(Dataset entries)
lemma tangential_boundary_sequence:
  assumes C: "C2_defining \<Omega> y U \<rho> g" and oO: "open \<Omega>" and y: "y \<in> frontier \<Omega>"
    and v: "g y \<bullet> v = 0"
  obtains s a where "\<And>k. s k > 0" "s \<longlonglongrightarrow> 0" "(\<lambda>k. a k / s k) \<longlonglongrightarrow> 0"
    "\<And>k. y + s k *\<^sub>R v + a k *\<^sub>R outer_normal \<Omega> y \<in> frontier \<Omega> \<inter> U"
proof -
  define N where "N = outer_normal \<Omega> y"
  have "\<exists>p. 0 < fst p \<and> fst p < 1 / real (Suc k) \<and> \<bar>snd p / fst p\<bar> < 1 / real (Suc k)
      \<and> y + fst p *\<^sub>R v + snd p *\<^sub>R N \<in> frontier \<Omega> \<inter> U" for k
  proof -
    define e where "e = 1 / (2 * real (Suc k))"
    have e0: "e > 0" and e1: "e < 1 / real (Suc k)" by (simp_all add: e_def field_simps)
    obtain \<delta> where \<delta>: "\<delta> > 0" "\<forall>s. 0 < s \<and> s < \<delta> \<longrightarrow>
        (\<exists>a. \<bar>a\<bar> \<le> e * s \<and> y + s *\<^sub>R v + a *\<^sub>R N \<in> frontier \<Omega> \<inter> U)"
      using boundary_points_above_tangent[OF C oO y v e0] unfolding N_def by blast
    obtain s where s: "s > 0" "s < \<delta>" "s < 1 / real (Suc k)"
      using exists_small_positive[OF \<delta>(1), of "1 / real (Suc k)" 0 1] by auto
    then obtain a where a: "\<bar>a\<bar> \<le> e * s" "y + s *\<^sub>R v + a *\<^sub>R N \<in> frontier \<Omega> \<inter> U"
      using \<delta>(2) by blast
    have "\<bar>a / s\<bar> \<le> e" using a(1) s(1) by (simp add: abs_divide pos_divide_le_eq)
    thus ?thesis using s a e1 by (intro exI[of _ "(s, a)"]) auto
  qed
  then obtain P where P: "\<And>k. 0 < fst (P k) \<and> fst (P k) < 1 / real (Suc k)
      \<and> \<bar>snd (P k) / fst (P k)\<bar> < 1 / real (Suc k)
      \<and> y + fst (P k) *\<^sub>R v + snd (P k) *\<^sub>R N \<in> frontier \<Omega> \<inter> U"
    by metis
  show ?thesis
  proof (rule that[of "\<lambda>k. fst (P k)" "\<lambda>k. snd (P k)"])
    have "norm (fst (P k)) < 1 / real (Suc k)" "norm (snd (P k) / fst (P k)) < 1 / real (Suc k)"
      for k using P[of k] by auto
    thus "(\<lambda>k. fst (P k)) \<longlonglongrightarrow> 0" "(\<lambda>k. snd (P k) / fst (P k)) \<longlonglongrightarrow> 0"
      by (auto intro: LIMSEQ_norm_0)
  qed (use P N_def in auto)
qed

text \<open>Both sides are limits of difference quotients along the tangential boundary
  sequence, where N = g / |g| and v is orthogonal to g y.\<close>
lemma gauss_map_differential_on_tangents:
  assumes C: "C2_defining \<Omega> y U \<rho> g" and oO: "open \<Omega>" and y: "y \<in> frontier \<Omega>"
    and Dy: "(g has_derivative Hf) (at y)"
    and L: "(outer_normal \<Omega> has_derivative L) (at y within frontier \<Omega>)"
    and v: "g y \<bullet> v = 0" and vnz: "v \<noteq> 0"
  shows "v \<bullet> L v = (v \<bullet> Hf v) / norm (g y)"
proof -
  define N where "N = outer_normal \<Omega> y"
  have vN: "v \<bullet> N = 0"
    using v outer_normal_eq[OF C oO y] by (simp add: N_def inner_commute)
  obtain s a where spos: "\<And>k. s k > 0" and s0: "s \<longlonglongrightarrow> 0" and r0: "(\<lambda>k. a k / s k) \<longlonglongrightarrow> 0"
    and xFU: "\<And>k. y + s k *\<^sub>R v + a k *\<^sub>R N \<in> frontier \<Omega> \<inter> U"
    using tangential_boundary_sequence[OF C oO y v] unfolding N_def by blast
  define x where "x k = y + s k *\<^sub>R v + a k *\<^sub>R N" for k
  have xF: "\<And>k. x k \<in> frontier \<Omega>" and xU: "\<And>k. x k \<in> U" using xFU by (auto simp: x_def)
  have xd: "(x k - y) /\<^sub>R s k = v + (a k / s k) *\<^sub>R N" for k
    using spos[of k] by (simp add: x_def scaleR_add_right divide_inverse_commute)
  have xv: "(\<lambda>k. (x k - y) /\<^sub>R s k) \<longlonglongrightarrow> v"
    unfolding xd using tendsto_add[OF tendsto_const tendsto_scaleR[OF r0 tendsto_const]] by simp
  have xne: "x k \<noteq> y" for k
  proof
    assume "x k = y"
    hence "v \<bullet> (x k - y) = 0" by simp
    moreover have "v \<bullet> (x k - y) = s k * (v \<bullet> v)" using vN by (simp add: x_def inner_add_right)
    ultimately show False using spos[of k] vnz by simp
  qed
  have QL: "(\<lambda>k. (outer_normal \<Omega> (x k) - N) /\<^sub>R s k) \<longlonglongrightarrow> L v"
    using difference_quotient_sequence[OF L xF xne s0 spos xv] by (simp add: N_def)
  have Qg: "(\<lambda>k. (g (x k) - g y) /\<^sub>R s k) \<longlonglongrightarrow> Hf v"
    using difference_quotient_sequence[of g Hf y UNIV, OF _ _ xne s0 spos xv] Dy by simp
  have "x \<longlonglongrightarrow> y"
  proof -
    have "(\<lambda>k. y + s k *\<^sub>R ((x k - y) /\<^sub>R s k)) \<longlonglongrightarrow> y + 0 *\<^sub>R v"
      by (intro tendsto_intros s0 xv)
    thus ?thesis using spos by (simp add: less_imp_neq[symmetric])
  qed
  hence ng: "(\<lambda>k. norm (g (x k))) \<longlonglongrightarrow> norm (g y)"
    by (intro tendsto_norm isCont_tendsto_compose[OF has_derivative_continuous[OF Dy]])
  have gnz: "g y \<noteq> 0" using C unfolding C2_defining_def by auto
  text \<open>Since v is orthogonal to N, the normal quotient is the gradient quotient over |g|.\<close>
  have eqk: "v \<bullet> ((outer_normal \<Omega> (x k) - N) /\<^sub>R s k)
      = (v \<bullet> ((g (x k) - g y) /\<^sub>R s k)) / norm (g (x k))" for k
    using v vN outer_normal_eq[OF C2_defining_recenter[OF C xU] oO xF]
    by (simp add: inner_diff_right divide_inverse inner_commute)
  have "(\<lambda>k. v \<bullet> ((outer_normal \<Omega> (x k) - N) /\<^sub>R s k)) \<longlonglongrightarrow> v \<bullet> L v"
    by (intro tendsto_intros QL)
  moreover have "(\<lambda>k. (v \<bullet> ((g (x k) - g y) /\<^sub>R s k)) / norm (g (x k))) \<longlonglongrightarrow> (v \<bullet> Hf v) / norm (g y)"
    using gnz by (intro tendsto_intros Qg ng) auto
  ultimately show ?thesis unfolding eqk by (rule LIMSEQ_unique)
qed

subsection \<open>A second-order bound from the interior ball\<close>

lemma parabola_in_ball:
  fixes y v N :: "'a::real_inner"
  assumes vN: "v \<bullet> N = 0" and N: "norm N = 1" and t: "t > 0"
    and s: "0 < s" "s < 1" and small: "s * \<beta>^2 < 2 * t * \<beta> - v \<bullet> v"
  shows "y + s *\<^sub>R v - (\<beta> * s^2) *\<^sub>R N \<in> ball (y - t *\<^sub>R N) t"
proof -
  define V where "V = v \<bullet> v"
  have eq: "y + s *\<^sub>R v - (\<beta> * s^2) *\<^sub>R N - (y - t *\<^sub>R N) = s *\<^sub>R v + (t - \<beta> * s^2) *\<^sub>R N"
    by (simp add: algebra_simps)
  have "norm (y + s *\<^sub>R v - (\<beta> * s^2) *\<^sub>R N - (y - t *\<^sub>R N)) ^ 2
      = s^2 * V + (t - \<beta> * s^2)^2"
    unfolding eq using norm_orth_sq[OF vN N, of s "t - \<beta> * s^2"] by (simp add: V_def)
  also have "\<dots> = t^2 + s^2 * (V - 2 * t * \<beta> + \<beta>^2 * s^2)"
    by (simp add: power2_eq_square algebra_simps)
  also have "\<dots> < t^2"
  proof -
    have "s^2 \<le> s" using s by (simp add: power2_eq_square mult_left_le_one_le)
    hence "\<beta>^2 * s^2 \<le> s * \<beta>^2" by (metis mult.commute mult_left_mono zero_le_power2)
    hence "V - 2 * t * \<beta> + \<beta>^2 * s^2 < 0" using small by (simp add: V_def)
    thus ?thesis using s by (simp add: mult_pos_neg)
  qed
  finally have "norm (y + s *\<^sub>R v - (\<beta> * s^2) *\<^sub>R N - (y - t *\<^sub>R N)) < t"
    using t by (simp add: power_less_imp_less_base)
  thus ?thesis by (metis dist_norm dist_commute mem_ball)
qed

lemma gradient_along_parabola_deriv:
  fixes y v N :: "'a::real_inner"
  assumes Dy: "(g has_derivative Hf) (at y)"
  shows "((\<lambda>s. g (y + s *\<^sub>R v - (\<beta> * s^2) *\<^sub>R N) \<bullet> (v - (2 * \<beta> * s) *\<^sub>R N))
    has_real_derivative (Hf v \<bullet> v - 2 * \<beta> * (g y \<bullet> N))) (at 0)"
proof -
  define z where "z s = y + s *\<^sub>R v - (\<beta> * s^2) *\<^sub>R N" for s :: real
  have "(z has_derivative (\<lambda>h. h *\<^sub>R v)) (at 0)"
    unfolding z_def by (auto intro!: derivative_eq_intros)
  hence gz: "((g \<circ> z) has_derivative (Hf \<circ> (\<lambda>h. h *\<^sub>R v))) (at 0)"
    using Dy by (intro diff_chain_at) (simp_all add: z_def)
  have wd: "((\<lambda>s. v - (2 * \<beta> * s) *\<^sub>R N) has_derivative (\<lambda>h. h *\<^sub>R (- (2 * \<beta>) *\<^sub>R N))) (at 0)"
    by (auto intro!: derivative_eq_intros simp: algebra_simps)
  have "((\<lambda>s. (g \<circ> z) s \<bullet> (v - (2 * \<beta> * s) *\<^sub>R N)) has_derivative
     (\<lambda>h. (g \<circ> z) 0 \<bullet> (h *\<^sub>R (- (2 * \<beta>) *\<^sub>R N)) + (Hf \<circ> (\<lambda>h. h *\<^sub>R v)) h \<bullet> (v - (2 * \<beta> * 0) *\<^sub>R N))) (at 0)"
    by (rule has_derivative_inner[OF gz wd])
  moreover have "(\<lambda>h. (g \<circ> z) 0 \<bullet> (h *\<^sub>R (- (2 * \<beta>) *\<^sub>R N)) + (Hf \<circ> (\<lambda>h. h *\<^sub>R v)) h \<bullet> (v - (2 * \<beta> * 0) *\<^sub>R N))
      = (*) (Hf v \<bullet> v - 2 * \<beta> * (g y \<bullet> N))"
    using linear_cmul[OF has_derivative_linear[OF Dy]] by (auto simp: fun_eq_iff z_def algebra_simps)
  ultimately show ?thesis unfolding has_field_derivative_def z_def by (simp add: comp_def)
qed

text \<open>If the tangential curvature v . Dg(y) v exceeds 2 beta |g y|, the defining
  function becomes positive along the parabola y + s v - beta s^2 N for small s > 0:
  its derivative along the parabola vanishes at s = 0 and has positive slope there.\<close>
lemma defining_fun_positive_on_parabola:
  assumes C: "C2_defining \<Omega> y U \<rho> g" and oO: "open \<Omega>" and y: "y \<in> frontier \<Omega>"
    and Dy: "(g has_derivative Hf) (at y)"
    and v: "g y \<bullet> v = 0" and \<beta>: "2 * \<beta> * norm (g y) < v \<bullet> Hf v"
  shows "\<exists>d>0. \<forall>s. 0 < s \<and> s < d \<longrightarrow>
     (let z = y + s *\<^sub>R v - (\<beta> * s^2) *\<^sub>R outer_normal \<Omega> y in z \<in> U \<and> \<rho> z > 0)"
proof -
  define N where "N = outer_normal \<Omega> y"
  note nf = outer_normal_facts[OF C oO y, folded N_def]
  have yU: "y \<in> U" and oU: "open U"
    and der: "\<And>x. x \<in> U \<Longrightarrow> (\<rho> has_derivative (\<lambda>h. g x \<bullet> h)) (at x)"
    using C unfolding C2_defining_def by auto
  define z where "z s = y + s *\<^sub>R v - (\<beta> * s^2) *\<^sub>R N" for s :: real
  define K where "K s = g (z s) \<bullet> (v - (2 * \<beta> * s) *\<^sub>R N)" for s :: real
  have zd: "(z has_vector_derivative (v - (2 * \<beta> * s) *\<^sub>R N)) (at s)" for s
    unfolding z_def by (auto intro!: derivative_eq_intros simp: algebra_simps)
  have z0: "z 0 = y" by (simp add: z_def)
  text \<open>K is the derivative of rho along the parabola; its slope at 0 is
    v . Dg(y) v - 2 beta |g y| > 0 while K 0 = g y . v = 0.\<close>
  have "DERIV K 0 :> Hf v \<bullet> v - 2 * \<beta> * (g y \<bullet> N)"
    using gradient_along_parabola_deriv[OF Dy] by (simp add: K_def[abs_def] z_def)
  moreover have "Hf v \<bullet> v - 2 * \<beta> * (g y \<bullet> N) > 0"
    using \<beta> nf(2) by (simp add: inner_commute)
  ultimately obtain d2 where d2: "d2 > 0" "\<And>h. 0 < h \<Longrightarrow> h < d2 \<Longrightarrow> K 0 < K (0 + h)"
    using DERIV_pos_inc_right by blast
  have K0: "K 0 = 0" using v by (simp add: K_def z0)
  obtain r where r: "r > 0" "ball y r \<subseteq> U" using oU yU openE by blast
  have "isCont z 0" using zd[of 0] by (rule has_vector_derivative_continuous)
  then obtain d3 where d3: "d3 > 0" "z ` ball 0 d3 \<subseteq> ball y r"
    using r(1) z0 by (metis continuous_at_ball)
  have zU: "z x \<in> U" if "\<bar>x\<bar> < d3" for x
  proof -
    have "x \<in> ball 0 d3" using that by simp
    thus ?thesis using d3(2) r(2) by blast
  qed
  show ?thesis
  proof (intro exI[of _ "min d2 d3"] conjI allI impI)
    show "min d2 d3 > 0" using d2 d3 by simp
    fix s :: real assume s: "0 < s \<and> s < min d2 d3"
    have "DERIV (\<lambda>s. \<rho> (z s)) x :> K x" if "0 \<le> x" "x \<le> s" for x
      unfolding K_def using has_real_derivative_along_curve[OF zd der] zU that s by simp
    then obtain \<xi> where xi: "0 < \<xi>" "\<xi> < s" "\<rho> (z s) - \<rho> (z 0) = (s - 0) * K \<xi>"
      using MVT2[of 0 s] s by blast
    have "K \<xi> > 0" using d2(2)[of \<xi>] xi s K0 by simp
    hence "\<rho> (z s) > 0"
      using xi s C2_defining_zero_on_frontier[OF C oO y] by (simp add: z0)
    thus "let z = y + s *\<^sub>R v - (\<beta> * s^2) *\<^sub>R outer_normal \<Omega> y in z \<in> U \<and> \<rho> z > 0"
      using zU[of s] s by (simp add: z_def N_def)
  qed
qed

• [ASSIGNMENT] Could you report how many lines in the data above include the word "subseteq"? Give the number and nothing more.

• [OUTPUT] 2